definition is_path :: "'a set set \<Rightarrow> 'a list \<Rightarrow> bool" where
  "is_path E xs \<longleftrightarrow> xs \<noteq> [] \<and> distinct xs \<and>
     (\<forall>i. Suc i < length xs \<longrightarrow> {xs ! i, xs ! Suc i} \<in> E)"

definition path_length :: "('a \<Rightarrow> point) \<Rightarrow> 'a list \<Rightarrow> real" where
  "path_length p xs = (\<Sum>i<length xs - 1. norm (p (xs ! Suc i) - p (xs ! i)))"

definition graph_dist :: "'a set set \<Rightarrow> ('a \<Rightarrow> point) \<Rightarrow> 'a \<Rightarrow> 'a \<Rightarrow> real" where
  "graph_dist E p u v =
     Inf {path_length p xs | xs. is_path E xs \<and> hd xs = u \<and> last xs = v}"

definition spanning_ratio :: "'a set \<Rightarrow> 'a set set \<Rightarrow> ('a \<Rightarrow> point) \<Rightarrow> real" where
  "spanning_ratio V E p =
     Sup {graph_dist E p u v / norm (p u - p v) | u v. u \<in> V \<and> v \<in> V \<and> u \<noteq> v}"

definition edge_lengths :: "'a set set \<Rightarrow> ('a \<Rightarrow> point) \<Rightarrow> real set" where
  "edge_lengths E p = {norm (p u - p v) | u v. {u, v} \<in> E \<and> u \<noteq> v}"

definition edge_length_ratio :: "'a set set \<Rightarrow> ('a \<Rightarrow> point) \<Rightarrow> real" where
  "edge_length_ratio E p = Max (edge_lengths E p) / Min (edge_lengths E p)"

end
# # # #
**Task description:** Every record listed above should be reproduced exactly.

**Task output:**
definition is_path :: "'a set set \<Rightarrow> 'a list \<Rightarrow> bool" where
  "is_path E xs \<longleftrightarrow> xs \<noteq> [] \<and> distinct xs \<and>
     (\<forall>i. Suc i < length xs \<longrightarrow> {xs ! i, xs ! Suc i} \<in> E)"

definition path_length :: "('a \<Rightarrow> point) \<Rightarrow> 'a list \<Rightarrow> real" where
  "path_length p xs = (\<Sum>i<length xs - 1. norm (p (xs ! Suc i) - p (xs ! i)))"

definition graph_dist :: "'a set set \<Rightarrow> ('a \<Rightarrow> point) \<Rightarrow> 'a \<Rightarrow> 'a \<Rightarrow> real" where
  "graph_dist E p u v =
     Inf {path_length p xs | xs. is_path E xs \<and> hd xs = u \<and> last xs = v}"

definition spanning_ratio :: "'a set \<Rightarrow> 'a set set \<Rightarrow> ('a \<Rightarrow> point) \<Rightarrow> real" where
  "spanning_ratio V E p =
     Sup {graph_dist E p u v / norm (p u - p v) | u v. u \<in> V \<and> v \<in> V \<and> u \<noteq> v}"

definition edge_lengths :: "'a set set \<Rightarrow> ('a \<Rightarrow> point) \<Rightarrow> real set" where
  "edge_lengths E p = {norm (p u - p v) | u v. {u, v} \<in> E \<and> u \<noteq> v}"

definition edge_length_ratio :: "'a set set \<Rightarrow> ('a \<Rightarrow> point) \<Rightarrow> real" where
  "edge_length_ratio E p = Max (edge_lengths E p) / Min (edge_lengths E p)"

end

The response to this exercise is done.